1. I got a new oven. I got home from work on Monday, saw that the clock on my oven was on, said “Yay, they fixed my oven,” and that was that. THEN when I woke up the next day I was all like “Man, Imma cook some bacon because THE STOVE WORKS NOW! Then I saw that there was a chip in the top of it. “They must’ve chipped it when they moved it,” I thought, assuming at this point that the oven had been “fixed” by unplugging it and plugging it back in. Then I looked closely at the burner. “Wow, that looks a lot cleaner than I remember.” Then, slowly, it dawned on me. Is it? Could it be? There was only one way to find out… I opened the oven itself.

It was fuckin’ IMMACULATE. Absolutely NO apple pie filling baked on ANYWHERE, which might have been an issue with the last one. Ahem.


P.S. It works like an absolute dream. It pre-heats in what feels like milliseconds but is more likely just a normal length of time for fully-functioning ovens. And did I mention it’s clean? Spic-and-freaking-span, y’all. Just beautiful.


2. I got new windows! And I didn’t even have to break the old ones first! As part of some complex-wide improvifications, every single apartment in every single building got new windows. Flippin’ sweet, guys. The tentative install date for my building was Monday (or Oven Day as it shall be known henceforth), and we were instructed to move everything away from the windows in order to give the guys room to work. Seeing as my bed is right next to the window, and I assumed they’d start work at Ass o’ Clock, I leaned the frame and box spring up against the bedroom wall and moved the mattress itself into the living room to sleep.
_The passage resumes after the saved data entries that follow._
lemma pmf_crp_step_birth:
  assumes "z \<in> count_states" "popsize z \<noteq> 0"
  shows "pmf (map_pmf (\<lambda>j. birth j z) (pmf_of_multiset (indiv_sizes z))) y
       = (\<Sum>j\<in>{j. 1 \<le> j \<and> z j \<noteq> 0}. if y = birth j z then real (j * z j) else 0) / popsize z"
proof -
  define J where "J = {j. 1 \<le> j \<and> z j \<noteq> 0}"
  have J: "finite J" "set_mset (indiv_sizes z) = J"
    using assms(1) by (auto simp: J_def count_states_def set_mset_indiv_sizes intro: finite_subset)
  have "indiv_sizes z \<noteq> {#}"
    using assms(2) size_indiv_sizes[of z] by auto
  then have "pmf (map_pmf (\<lambda>j. birth j z) (pmf_of_multiset (indiv_sizes z))) y
      = (\<Sum>j\<in>J. indicator {y} (birth j z) * pmf (pmf_of_multiset (indiv_sizes z)) j)"
    unfolding map_pmf_def pmf_bind pmf_return by (intro integral_measure_pmf_real) (auto simp: J)
  also have "\<dots> = (\<Sum>j\<in>J. indicator {y} (birth j z) * (real (j * z j) / popsize z))"
    using \<open>indiv_sizes z \<noteq> {#}\<close> by (simp add: count_indiv_sizes[OF assms(1)] size_indiv_sizes)
  finally show ?thesis
    unfolding J_def sum_divide_distrib by (auto intro: sum.cong)
qed

lemma pmf_crp_step:
  assumes "0 \<le> \<theta>" "z \<in> count_states"
  shows "(\<theta> + real (popsize z)) * pmf (crp_step \<theta> z) y = yim_rate \<theta> z y"
proof (cases "popsize z = 0")
  case True
  then show ?thesis
    using popsize_eq_0_iff[OF assms(2)] by (simp add: crp_step_def yim_rate_def indicator_def)
next
  case False
  define n where "n = real (popsize z)"
  define births where
    "births = (\<Sum>j\<in>{j. 1 \<le> j \<and> z j \<noteq> 0}. if y = birth j z then real (j * z j) else 0)"
  have n: "0 < n" "0 < \<theta> + n"
    using False assms(1) by (simp_all add: n_def)
  have "pmf (crp_step \<theta> z) y
      = \<theta> / (\<theta> + n) * indicator {y} (immig z) + (1 - \<theta> / (\<theta> + n)) * (births / n)"
    using False assms(1) n pmf_crp_step_birth[OF assms(2) False, of y]
    by (simp add: crp_step_def pmf_bind n_def births_def algebra_simps)
  moreover have "yim_rate \<theta> z y = \<theta> * indicator {y} (immig z) + births"
    by (simp add: yim_rate_def births_def indicator_def)
  moreover have "(\<theta> + n) * (\<theta> / (\<theta> + n)) = \<theta>" "(\<theta> + n) * (1 - \<theta> / (\<theta> + n)) = n"
    using n by (simp_all add: field_simps)
  ultimately show ?thesis
    using n by (simp add: distrib_left n_def flip: mult.assoc)
qed

section \<open>The Chinese restaurant process from an arbitrary configuration\<close>

primrec crp_walk :: "real \<Rightarrow> counts \<Rightarrow> nat \<Rightarrow> counts list pmf" where
  "crp_walk \<theta> x 0 = return_pmf [x]"
| "crp_walk \<theta> x (Suc n) =
     bind_pmf (crp_walk \<theta> x n) (\<lambda>xs. map_pmf (\<lambda>y. xs @ [y]) (crp_step \<theta> (last xs)))"

lemma crp_path_eq_crp_walk: "crp_path \<theta> n = crp_walk \<theta> (\<lambda>_. 0) n"
  by (induction n) simp_all

definition crp_kernel :: "real \<Rightarrow> counts \<Rightarrow> nat \<Rightarrow> counts pmf" where
  "crp_kernel \<theta> x k = map_pmf last (crp_walk \<theta> x k)"

lemma crp_kernel_0: "crp_kernel \<theta> x 0 = return_pmf x"
  by (simp add: crp_kernel_def)

lemma crp_kernel_Suc: "crp_kernel \<theta> x (Suc k) = bind_pmf (crp_kernel \<theta> x k) (crp_step \<theta>)"
  by (simp add: crp_kernel_def map_bind_pmf map_pmf_comp bind_map_pmf)

lemma set_pmf_crp_walk:
  assumes "xs \<in> set_pmf (crp_walk \<theta> x n)"
  shows "length xs = Suc n" "xs ! 0 = x"
  using assms by (induction n arbitrary: xs) (auto simp: nth_append)

lemma crp_walk_in_level:
  assumes "x \<in> count_states" "xs \<in> set_pmf (crp_walk \<theta> x n)" "k \<le> n"
  shows "xs ! k \<in> level (popsize x + k)"
  using assms(2,3)
proof (induction n arbitrary: xs k)
  case 0
  then show ?case
    using assms(1) by (simp add: level_def)
next
  case (Suc n)
  then obtain ys y where ys: "ys \<in> set_pmf (crp_walk \<theta> x n)" and xs: "xs = ys @ [y]"
    and y: "y \<in> set_pmf (crp_step \<theta> (last ys))"
    by auto
  have len: "length ys = Suc n"
    using set_pmf_crp_walk(1)[OF ys] .
  show ?case
  proof (cases "k \<le> n")
    case True
    then show ?thesis
      using Suc.IH[OF ys True] len by (simp add: xs nth_append)
  next
    case False
    have "last ys \<in> level (popsize x + n)"
      using Suc.IH[OF ys order.refl] last_eq_nth_if_length[OF len] by simp
    then show ?thesis
      using set_pmf_crp_step[of "last ys" \<theta>] y False Suc.prems(2) len
      by (auto simp: xs nth_append level_def)
  qed
qed

lemma crp_path_in_level:
  assumes "xs \<in> set_pmf (crp_path \<theta> n)" "k \<le> n"
  shows "xs ! k \<in> level k"
proof -
  have "(\<lambda>_. 0) \<in> level 0"
    by (simp add: level_0)
  then show ?thesis
    using crp_walk_in_level[of "\<lambda>_. 0" xs \<theta> n k] assms
    by (simp add: crp_path_eq_crp_walk level_def)
qed

lemma set_pmf_crp_kernel:
  assumes "x \<in> count_states"
  shows "set_pmf (crp_kernel \<theta> x k) \<subseteq> level (popsize x + k)"
proof
  fix z assume "z \<in> set_pmf (crp_kernel \<theta> x k)"
  then obtain xs where xs: "xs \<in> set_pmf (crp_walk \<theta> x k)" "z = last xs"
    by (auto simp: crp_kernel_def)
  then show "z \<in> level (popsize x + k)"
    using crp_walk_in_level[OF assms xs(1) order.refl]
      last_eq_nth_if_length[OF set_pmf_crp_walk(1)[OF xs(1)]] by simp
qed

lemma crp_walk_add:
  "crp_walk \<theta> x (m + k) =
     bind_pmf (crp_walk \<theta> x m) (\<lambda>xs. map_pmf (\<lambda>ys. xs @ tl ys) (crp_walk \<theta> (last xs) k))"
proof (induction k)
  case 0
  then show ?case by (simp add: bind_return_pmf')
next
  case (Suc k)
  have "crp_walk \<theta> x (m + Suc k) = bind_pmf (crp_walk \<theta> x m) (\<lambda>xs.
      bind_pmf (crp_walk \<theta> (last xs) k) (\<lambda>ys.
        map_pmf (\<lambda>y. (xs @ tl ys) @ [y]) (crp_step \<theta> (last (xs @ tl ys)))))"
    by (simp add: Suc.IH bind_assoc_pmf bind_map_pmf)
  also have "\<dots> = bind_pmf (crp_walk \<theta> x m) (\<lambda>xs.
      bind_pmf (crp_walk \<theta> (last xs) k) (\<lambda>ys.
        map_pmf (\<lambda>y. xs @ tl (ys @ [y])) (crp_step \<theta> (last ys))))"
  proof (intro bind_pmf_cong refl)
    fix xs ys
    assume "xs \<in> set_pmf (crp_walk \<theta> x m)" "ys \<in> set_pmf (crp_walk \<theta> (last xs) k)"
    then have "xs \<noteq> []" "ys \<noteq> []" "ys ! 0 = last xs"
      using set_pmf_crp_walk by fastforce+
    then show "map_pmf (\<lambda>y. (xs @ tl ys) @ [y]) (crp_step \<theta> (last (xs @ tl ys))) =
        map_pmf (\<lambda>y. xs @ tl (ys @ [y])) (crp_step \<theta> (last ys))"
      by (cases ys) auto
  qed
  also have "\<dots> = bind_pmf (crp_walk \<theta> x m) (\<lambda>xs.
      map_pmf (\<lambda>ys. xs @ tl ys) (crp_walk \<theta> (last xs) (Suc k)))"
    by (simp add: map_bind_pmf map_pmf_comp)
  finally show ?case .
qed

lemma nth_append_tl_visits_iff:
  fixes l :: "nat \<Rightarrow> nat"
  assumes "\<forall>i<Suc p. l i \<le> l (Suc i)"
    and "length xs = Suc (l p)" "length ys = Suc (l (Suc p) - l p)" "ys ! 0 = last xs"
  shows "(\<forall>i\<in>{1..Suc p}. (xs @ tl ys) ! l i = w i)
     \<longleftrightarrow> (\<forall>i\<in>{1..p}. xs ! l i = w i) \<and> last ys = w (Suc p)"
proof -
  have "(xs @ tl ys) ! l (Suc p) = last ys"
    using nth_append_tl_eq_last[OF assms(2-4)] assms(1) by simp
  moreover have "(xs @ tl ys) ! l i = xs ! l i" if "i \<le> p" for i
    using lift_Suc_mono_le_atMost[OF assms(1) that] assms(2) by (simp add: nth_append)
  ultimately show ?thesis
    by (simp add: atLeastAtMostSuc_conv conj_commute)
qed

lemma prob_crp_walk_continuation:
  fixes l :: "nat \<Rightarrow> nat" and w :: "nat \<Rightarrow> counts"
  assumes l: "l 0 = 0" "\<forall>i<Suc p. l i \<le> l (Suc i)" and "w 0 = x"
    and xs: "xs \<in> set_pmf (crp_walk \<theta> x (l p))"
  shows "measure_pmf.prob (crp_walk \<theta> (last xs) (l (Suc p) - l p))
           ((\<lambda>ys. xs @ tl ys) -` {zs. \<forall>i\<in>{1..Suc p}. zs ! l i = w i})
       = indicator {zs. \<forall>i\<in>{1..p}. zs ! l i = w i} xs
         * pmf (crp_kernel \<theta> (w p) (l (Suc p) - l p)) (w (Suc p))"
proof -
  define k where "k = l (Suc p) - l p"
  define E where "E = {zs. \<forall>i\<in>{1..p}. zs ! l i = w i}"
  have len: "length xs = Suc (l p)" and "xs ! 0 = x"
    using set_pmf_crp_walk[OF xs] by auto
  have last_xs: "last xs = w p" if "xs \<in> E"
    using that last_eq_nth_if_length[OF len] \<open>xs ! 0 = x\<close> l(1) \<open>w 0 = x\<close>
    by (cases "p = 0") (auto simp: E_def)
  have "(\<forall>i\<in>{1..Suc p}. (xs @ tl ys) ! l i = w i) \<longleftrightarrow> xs \<in> E \<and> last ys = w (Suc p)"
    if "ys \<in> set_pmf (crp_walk \<theta> (last xs) k)" for ys
    unfolding E_def mem_Collect_eq using l(2) len set_pmf_crp_walk[OF that]
    by (intro nth_append_tl_visits_iff) (simp_all add: k_def)
  then have "measure_pmf.prob (crp_walk \<theta> (last xs) k)
      ((\<lambda>ys. xs @ tl ys) -` {zs. \<forall>i\<in>{1..Suc p}. zs ! l i = w i})
      = measure_pmf.prob (crp_walk \<theta> (last xs) k) {ys. xs \<in> E \<and> last ys = w (Suc p)}"
    by (intro measure_eq_AE) (auto simp: AE_measure_pmf_iff)
  also have "\<dots> = indicator E xs * pmf (crp_kernel \<theta> (w p) k) (w (Suc p))"
    using last_xs by (cases "xs \<in> E") (simp_all add: crp_kernel_def pmf_map vimage_def)
  finally show ?thesis
    by (simp add: E_def k_def)
qed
This way, I figured if they came barging in at the aforementioned Unholiest of Hours (see: any time before 10:00 am), I wouldn’t have to scramble to get things out of the way.

Except they didn’t show up on Monday.

Or Tuesday.

Delayed by rain (and, oh, the fact that there were approximately 34938 windows to install first – my building was last on the agenda), they arrived Wednesday. Meaning, I slept on the mattress on the floor for three nights. Which, for the record, was AWESOME. Something about being directly on the floor, sans box spring, somehow made the bed much more comfy. Also, I had it pushed into the L where the sofa and loveseat meet, making my entire living room one big multi-level bed-like surface. And if that ain’t a dream come true, I don’t know what to tell ya, other than you’re probably not an inherently lazy person who is excited by the prospect of sleeping in a sunken next of every blanket and pillow you own. Also, you’re a weirdo.

When the window bros arrived at last, Bro #1 was quick to thank me for moving my furniture out of way, claiming I’m the only one who did it. Bro #2 was weirded out by the mattress in the living room, asking if I’d had a slumber party the night before. I laughed, thinking he was joking, and told him yes. Then he asked if I had kids or something, and I realized we were no longer on the same page. Get off my back, Window Bro. Just be happy I didn’t make you move that heavy-ass kitchen table. You’re welcome, and don’t judge the Blanket Pit. It’s the goddamn comfiest thing you’ll ever experience in your entire life and that is absolutely not an exaggeration. Now if you’ll excuse me, I’m going to make some cookies, because I HAVE AN OVEN THAT WORKS.